Task requirements = The answer is to contain only the line containing "theory Defs" and the lines after it through the last one, each reproduced exactly as it appears below.

Stored items
(* Let $\mathbb{X},\mathbb{Y}$ be Banach spaces, $g:\mathbb{X}\to\mathbb{Y}$ continuously differentiable and $f:\mathbb{Y}\to\mathbb{R}$ convex and continuous. Let $S_f:=\{y:f(y)\le0\}$, $\mathcal{S}:=\{x:f(g(x))\le0\}$, and let $\bar x\in\mathcal{S}$ be such that $g$ is metrically regular around $\bar x$. Then the inequality $(f\circ g)(x)\le0$ has a local error bound at $\bar x$ if and only if $$\limsup_{x\xrightarrow{{\rm bd}(\mathcal{S})}\bar x}\mathbf{e}\Big(\{h\in\mathbb{X}:\mathbf{d}^+f(g(x),\nabla g(x)(h))\le1\},\ \nabla g(x)^{-1}\big(\mathbf{T}^{\mathbf B}(S_f,g(x))\big)\Big)<+\infty,$$ and moreover $\tau(\mathcal{S},\bar x)$ equals this $\limsup$.
   Context: $\mathbf{B}(a,\delta)$ is the open ball with center $a$ and radius $\delta$; ${\rm bd}$ denotes boundary; $\mathbf{d}(x,D):=\inf\{\|x-y\|:y\in D\}$. Excess: $\mathbf{e}(C,D):=\sup_{x\in C}\mathbf{d}(x,D)$, with $\mathbf{e}(\emptyset,D)=0$ if $D\ne\emptyset$ and $=\infty$ otherwise. For convex $f$, $\mathbf{d}^+f(y,v):=\lim_{t\to0^+}\frac{f(y+tv)-f(y)}{t}$. Bouligand tangent cone $\mathbf{T}^{\mathbf B}(C,c)$: all $v$ with $v_n\to v$, $t_n\downarrow0$, $c+t_nv_n\in C$. "Continuously differentiable" means Fréchet differentiable with $x\mapsto\nabla g(x)$ continuous in operator norm. $g$ is metrically regular around $\bar x$ if there exist $\kappa>0$ and neighborhoods $U$ of $\bar x$, $V$ of $g(\bar x)$ with $\mathbf{d}(x,g^{-1}(y))\le\kappa\|g(x)-y\|$ for all $(x,y)\in U\times V$. Local error bound at $\bar x$: there exist $\tau,\delta>0$ with $\mathbf{d}(x,\mathcal{S})\le\tau\max\{f(g(x)),0\}$ for all $x\in\mathbf{B}(\bar x,\delta)$; $\tau(\mathcal{S},\bar x)$ is the infimum of all such $\tau$ (with $\inf\emptyset=+\infty$). $\limsup_{x\xrightarrow{D}\bar x}F(x):=\lim_{\delta\downarrow0}\sup\{F(x):x\in D\cap\mathbf{B}(\bar x,\delta)\}$, with the convention $\sup\emptyset=0$. *)

theory Defs
  imports "HOL-Analysis.Analysis"
begin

Answer to the exercise =
theory Defs
  imports "HOL-Analysis.Analysis"
begin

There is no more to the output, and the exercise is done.